## WORK ORDER
All of the records must be given again exactly.

● ● ● ● ● ● ●

(* Let $\mathbf{U},\mathbf{V}$ be $D\times D$ unimodular matrices and $\bm{\Lambda}_1,\dots,\bm{\Lambda}_L$ nonsingular diagonal integer matrices, and let $\mathbf{M}_i=\mathbf{U}\bm{\Lambda}_i\mathbf{V}$. Let $\bm{\Lambda}=\mathrm{diag}(\Lambda(1,1),\dots,\Lambda(D,D))$ where $\Lambda(j,j)$ is the (positive) lcm of the integers $\Lambda_1(j,j),\dots,\Lambda_L(j,j)$. Then for every unimodular $\mathbf{B}$, $\mathbf{R}=\mathbf{U}\bm{\Lambda}\mathbf{B}$ is an lcrm of $\mathbf{M}_1,\dots,\mathbf{M}_L$, and every $\mathbf{m}\in\mathcal{N}(\mathbf{R})$ is uniquely determined by its remainders $\mathbf{r}_i=\langle\mathbf{m}\rangle_{\mathbf{M}_i}$. Furthermore, when $\mathbf{B}=\mathbf{I}$, setting $\mathbf{a}=\mathbf{U}^{-1}\mathbf{m}$ and $\bm{\zeta}_i=\langle\mathbf{U}^{-1}\mathbf{r}_i\rangle_{\bm{\Lambda}_i}$, each component $a(j)$ satisfies $0\le a(j)<\Lambda(j,j)$ and is the unique integer in this range with $a(j)\equiv\zeta_i(j)\pmod{|\Lambda_i(j,j)|}$ for all $1\le i\le L$.
   Context: Unimodular means integer with determinant $\pm1$. An lcrm of integer matrices $\mathbf{M}_1,\dots,\mathbf{M}_L$ is a nonsingular integer $\mathbf{R}=\mathbf{M}_i\mathbf{P}_i$ (integer $\mathbf{P}_i$, all $i$) such that every such common right multiple equals $\mathbf{R}\mathbf{A}$ for integer $\mathbf{A}$. $\mathcal{N}(\mathbf{M})=\{\mathbf{k}\in\mathbb{Z}^D:\mathbf{k}=\mathbf{M}\mathbf{x},\ \mathbf{x}\in[0,1)^D\}$; $\langle\mathbf{m}\rangle_{\mathbf{M}}$ is the unique $\mathbf{r}\in\mathcal{N}(\mathbf{M})$ with $\mathbf{m}-\mathbf{r}\in\mathbf{M}\mathbb{Z}^D$. $a(j)$, $\zeta_i(j)$ denote $j$-th components, $\Lambda_i(j,j)$ the $j$-th diagonal entry. *)

theory Defs
  imports "HOL-Analysis.Analysis" "HOL-Number_Theory.Number_Theory"
begin

text \<open>Integer D x D matrices are rendered as int^'n^'n with 'n a finite index type (D = CARD('n)).\<close>

definition unimodular :: "int^'n^'n \<Rightarrow> bool" where
  "unimodular A \<longleftrightarrow> det A = 1 \<or> det A = -1"

definition nonsingular :: "int^'n^'n \<Rightarrow> bool" where
  "nonsingular A \<longleftrightarrow> det A \<noteq> 0"

definition diag_mat :: "int^'n^'n \<Rightarrow> bool" where
  "diag_mat A \<longleftrightarrow> (\<forall>i j. i \<noteq> j \<longrightarrow> A $ i $ j = 0)"

definition diag_of :: "('n \<Rightarrow> int) \<Rightarrow> int^'n^'n" where
  "diag_of d = (\<chi> i j. if i = j then d i else 0)"

definition is_lcrm :: "int^'n^'n \<Rightarrow> (nat \<Rightarrow> int^'n^'n) \<Rightarrow> nat set \<Rightarrow> bool" where
  "is_lcrm R M I \<longleftrightarrow>
     nonsingular R \<and> (\<forall>i\<in>I. \<exists>P. R = M i ** P) \<and>
     (\<forall>C. nonsingular C \<and> (\<forall>i\<in>I. \<exists>P. C = M i ** P) \<longrightarrow> (\<exists>A. C = R ** A))"

definition real_mat :: "int^'n^'m \<Rightarrow> real^'n^'m" where
  "real_mat M = (\<chi> i j. real_of_int (M $ i $ j))"

definition real_vec :: "int^'n \<Rightarrow> real^'n" where
  "real_vec v = (\<chi> i. real_of_int (v $ i))"

definition Nset :: "int^'n^'n \<Rightarrow> (int^'n) set" where
  "Nset M = {k. \<exists>x::real^'n. (\<forall>j. 0 \<le> x $ j \<and> x $ j < 1) \<and> real_vec k = real_mat M *v x}"

definition remM :: "int^'n^'n \<Rightarrow> int^'n \<Rightarrow> int^'n" where
  "remM M m = (THE r. r \<in> Nset M \<and> (\<exists>y. m - r = M *v y))"

end

theory Submission
  imports Defs
begin

text \<open>Everything is read off the lattices \<open>M \<int>\<^sup>D\<close>. A matrix \<open>C\<close> is a right multiple
  of \<open>A\<close> iff \<open>C \<int>\<^sup>D \<subseteq> A \<int>\<^sup>D\<close>, so a nonsingular \<open>R\<close> is an lcrm of the \<open>M\<^sub>i\<close> as soon as
  \<open>R \<int>\<^sup>D = \<Inter>\<^sub>i M\<^sub>i \<int>\<^sup>D\<close>. Unimodular factors on the right do not change a lattice and
  unimodular factors on the left act bijectively, so for \<open>M\<^sub>i = U \<Lambda>\<^sub>i V\<close> this reduces to
  the diagonal case, where \<open>\<Inter>\<^sub>i \<Lambda>\<^sub>i \<int>\<^sup>D\<close> consists of the vectors whose \<open>j\<close>-th entry is
  divisible by every \<open>\<Lambda>\<^sub>i(j,j)\<close>, i.e.\ by their lcm. Two elements of \<open>\<N>(R)\<close> differing by a
  vector of \<open>R \<int>\<^sup>D\<close> coincide, which gives uniqueness; applied coordinatewise to
  \<open>\<N>(\<Lambda>)\<close> it is the Chinese remainder theorem.\<close>

lemma real_mat_inject: "real_mat A = real_mat B \<longleftrightarrow> A = B"
  by (auto simp: real_mat_def vec_eq_iff)

lemma real_mat_mult: "real_mat (A ** B) = real_mat A ** real_mat B"
  by (simp add: real_mat_def matrix_matrix_mult_def vec_eq_iff)

lemma real_vec_mult: "real_vec (A *v x) = real_mat A *v real_vec x"
  by (simp add: real_mat_def real_vec_def matrix_vector_mult_def vec_eq_iff)

lemma real_vec_diff: "real_vec (a - b) = real_vec a - real_vec b"
  by (simp add: real_vec_def vec_eq_iff)

lemma real_mat_1: "real_mat (mat 1) = mat 1"
  by (simp add: real_mat_def mat_def vec_eq_iff)

lemma det_real_mat: "det (real_mat A) = real_of_int (det A)"
  by (simp add: det_def real_mat_def)

lemma nonsingular_real_mat: "nonsingular A \<Longrightarrow> det (real_mat A) \<noteq> 0"
  by (simp add: nonsingular_def det_real_mat)

lemma nonsingular_mult: "nonsingular A \<Longrightarrow> nonsingular B \<Longrightarrow> nonsingular (A ** B)"
  by (simp add: nonsingular_def det_mul)

lemma unimodular_imp_nonsingular: "unimodular A \<Longrightarrow> nonsingular A"
  by (auto simp: unimodular_def nonsingular_def)

lemma invertible_matrix_inv:
  fixes A :: "'a::semiring_1^'n^'m"
  assumes "invertible A"
  shows "A ** matrix_inv A = mat 1" and "matrix_inv A ** A = mat 1"
  using someI_ex[OF assms[unfolded invertible_def]] by (simp_all add: matrix_inv_def)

● ● ● ● ● ● ●

## SOLUTION TO THIS EXERCISE
(* Let $\mathbf{U},\mathbf{V}$ be $D\times D$ unimodular matrices and $\bm{\Lambda}_1,\dots,\bm{\Lambda}_L$ nonsingular diagonal integer matrices, and let $\mathbf{M}_i=\mathbf{U}\bm{\Lambda}_i\mathbf{V}$. Let $\bm{\Lambda}=\mathrm{diag}(\Lambda(1,1),\dots,\Lambda(D,D))$ where $\Lambda(j,j)$ is the (positive) lcm of the integers $\Lambda_1(j,j),\dots,\Lambda_L(j,j)$. Then for every unimodular $\mathbf{B}$, $\mathbf{R}=\mathbf{U}\bm{\Lambda}\mathbf{B}$ is an lcrm of $\mathbf{M}_1,\dots,\mathbf{M}_L$, and every $\mathbf{m}\in\mathcal{N}(\mathbf{R})$ is uniquely determined by its remainders $\mathbf{r}_i=\langle\mathbf{m}\rangle_{\mathbf{M}_i}$. Furthermore, when $\mathbf{B}=\mathbf{I}$, setting $\mathbf{a}=\mathbf{U}^{-1}\mathbf{m}$ and $\bm{\zeta}_i=\langle\mathbf{U}^{-1}\mathbf{r}_i\rangle_{\bm{\Lambda}_i}$, each component $a(j)$ satisfies $0\le a(j)<\Lambda(j,j)$ and is the unique integer in this range with $a(j)\equiv\zeta_i(j)\pmod{|\Lambda_i(j,j)|}$ for all $1\le i\le L$.
   Context: Unimodular means integer with determinant $\pm1$. An lcrm of integer matrices $\mathbf{M}_1,\dots,\mathbf{M}_L$ is a nonsingular integer $\mathbf{R}=\mathbf{M}_i\mathbf{P}_i$ (integer $\mathbf{P}_i$, all $i$) such that every such common right multiple equals $\mathbf{R}\mathbf{A}$ for integer $\mathbf{A}$. $\mathcal{N}(\mathbf{M})=\{\mathbf{k}\in\mathbb{Z}^D:\mathbf{k}=\mathbf{M}\mathbf{x},\ \mathbf{x}\in[0,1)^D\}$; $\langle\mathbf{m}\rangle_{\mathbf{M}}$ is the unique $\mathbf{r}\in\mathcal{N}(\mathbf{M})$ with $\mathbf{m}-\mathbf{r}\in\mathbf{M}\mathbb{Z}^D$. $a(j)$, $\zeta_i(j)$ denote $j$-th components, $\Lambda_i(j,j)$ the $j$-th diagonal entry. *)

theory Defs
  imports "HOL-Analysis.Analysis" "HOL-Number_Theory.Number_Theory"
begin

text \<open>Integer D x D matrices are rendered as int^'n^'n with 'n a finite index type (D = CARD('n)).\<close>

definition unimodular :: "int^'n^'n \<Rightarrow> bool" where
  "unimodular A \<longleftrightarrow> det A = 1 \<or> det A = -1"

definition nonsingular :: "int^'n^'n \<Rightarrow> bool" where
  "nonsingular A \<longleftrightarrow> det A \<noteq> 0"

definition diag_mat :: "int^'n^'n \<Rightarrow> bool" where
  "diag_mat A \<longleftrightarrow> (\<forall>i j. i \<noteq> j \<longrightarrow> A $ i $ j = 0)"

definition diag_of :: "('n \<Rightarrow> int) \<Rightarrow> int^'n^'n" where
  "diag_of d = (\<chi> i j. if i = j then d i else 0)"

definition is_lcrm :: "int^'n^'n \<Rightarrow> (nat \<Rightarrow> int^'n^'n) \<Rightarrow> nat set \<Rightarrow> bool" where
  "is_lcrm R M I \<longleftrightarrow>
     nonsingular R \<and> (\<forall>i\<in>I. \<exists>P. R = M i ** P) \<and>
     (\<forall>C. nonsingular C \<and> (\<forall>i\<in>I. \<exists>P. C = M i ** P) \<longrightarrow> (\<exists>A. C = R ** A))"

definition real_mat :: "int^'n^'m \<Rightarrow> real^'n^'m" where
  "real_mat M = (\<chi> i j. real_of_int (M $ i $ j))"

definition real_vec :: "int^'n \<Rightarrow> real^'n" where
  "real_vec v = (\<chi> i. real_of_int (v $ i))"

definition Nset :: "int^'n^'n \<Rightarrow> (int^'n) set" where
  "Nset M = {k. \<exists>x::real^'n. (\<forall>j. 0 \<le> x $ j \<and> x $ j < 1) \<and> real_vec k = real_mat M *v x}"

definition remM :: "int^'n^'n \<Rightarrow> int^'n \<Rightarrow> int^'n" where
  "remM M m = (THE r. r \<in> Nset M \<and> (\<exists>y. m - r = M *v y))"

end

theory Submission
  imports Defs
begin

text \<open>Everything is read off the lattices \<open>M \<int>\<^sup>D\<close>. A matrix \<open>C\<close> is a right multiple
  of \<open>A\<close> iff \<open>C \<int>\<^sup>D \<subseteq> A \<int>\<^sup>D\<close>, so a nonsingular \<open>R\<close> is an lcrm of the \<open>M\<^sub>i\<close> as soon as
  \<open>R \<int>\<^sup>D = \<Inter>\<^sub>i M\<^sub>i \<int>\<^sup>D\<close>. Unimodular factors on the right do not change a lattice and
  unimodular factors on the left act bijectively, so for \<open>M\<^sub>i = U \<Lambda>\<^sub>i V\<close> this reduces to
  the diagonal case, where \<open>\<Inter>\<^sub>i \<Lambda>\<^sub>i \<int>\<^sup>D\<close> consists of the vectors whose \<open>j\<close>-th entry is
  divisible by every \<open>\<Lambda>\<^sub>i(j,j)\<close>, i.e.\ by their lcm. Two elements of \<open>\<N>(R)\<close> differing by a
  vector of \<open>R \<int>\<^sup>D\<close> coincide, which gives uniqueness; applied coordinatewise to
  \<open>\<N>(\<Lambda>)\<close> it is the Chinese remainder theorem.\<close>

lemma real_mat_inject: "real_mat A = real_mat B \<longleftrightarrow> A = B"
  by (auto simp: real_mat_def vec_eq_iff)

lemma real_mat_mult: "real_mat (A ** B) = real_mat A ** real_mat B"
  by (simp add: real_mat_def matrix_matrix_mult_def vec_eq_iff)

lemma real_vec_mult: "real_vec (A *v x) = real_mat A *v real_vec x"
  by (simp add: real_mat_def real_vec_def matrix_vector_mult_def vec_eq_iff)

lemma real_vec_diff: "real_vec (a - b) = real_vec a - real_vec b"
  by (simp add: real_vec_def vec_eq_iff)

lemma real_mat_1: "real_mat (mat 1) = mat 1"
  by (simp add: real_mat_def mat_def vec_eq_iff)

lemma det_real_mat: "det (real_mat A) = real_of_int (det A)"
  by (simp add: det_def real_mat_def)

lemma nonsingular_real_mat: "nonsingular A \<Longrightarrow> det (real_mat A) \<noteq> 0"
  by (simp add: nonsingular_def det_real_mat)

lemma nonsingular_mult: "nonsingular A \<Longrightarrow> nonsingular B \<Longrightarrow> nonsingular (A ** B)"
  by (simp add: nonsingular_def det_mul)

lemma unimodular_imp_nonsingular: "unimodular A \<Longrightarrow> nonsingular A"
  by (auto simp: unimodular_def nonsingular_def)

lemma invertible_matrix_inv:
  fixes A :: "'a::semiring_1^'n^'m"
  assumes "invertible A"
  shows "A ** matrix_inv A = mat 1" and "matrix_inv A ** A = mat 1"
  using someI_ex[OF assms[unfolded invertible_def]] by (simp_all add: matrix_inv_def)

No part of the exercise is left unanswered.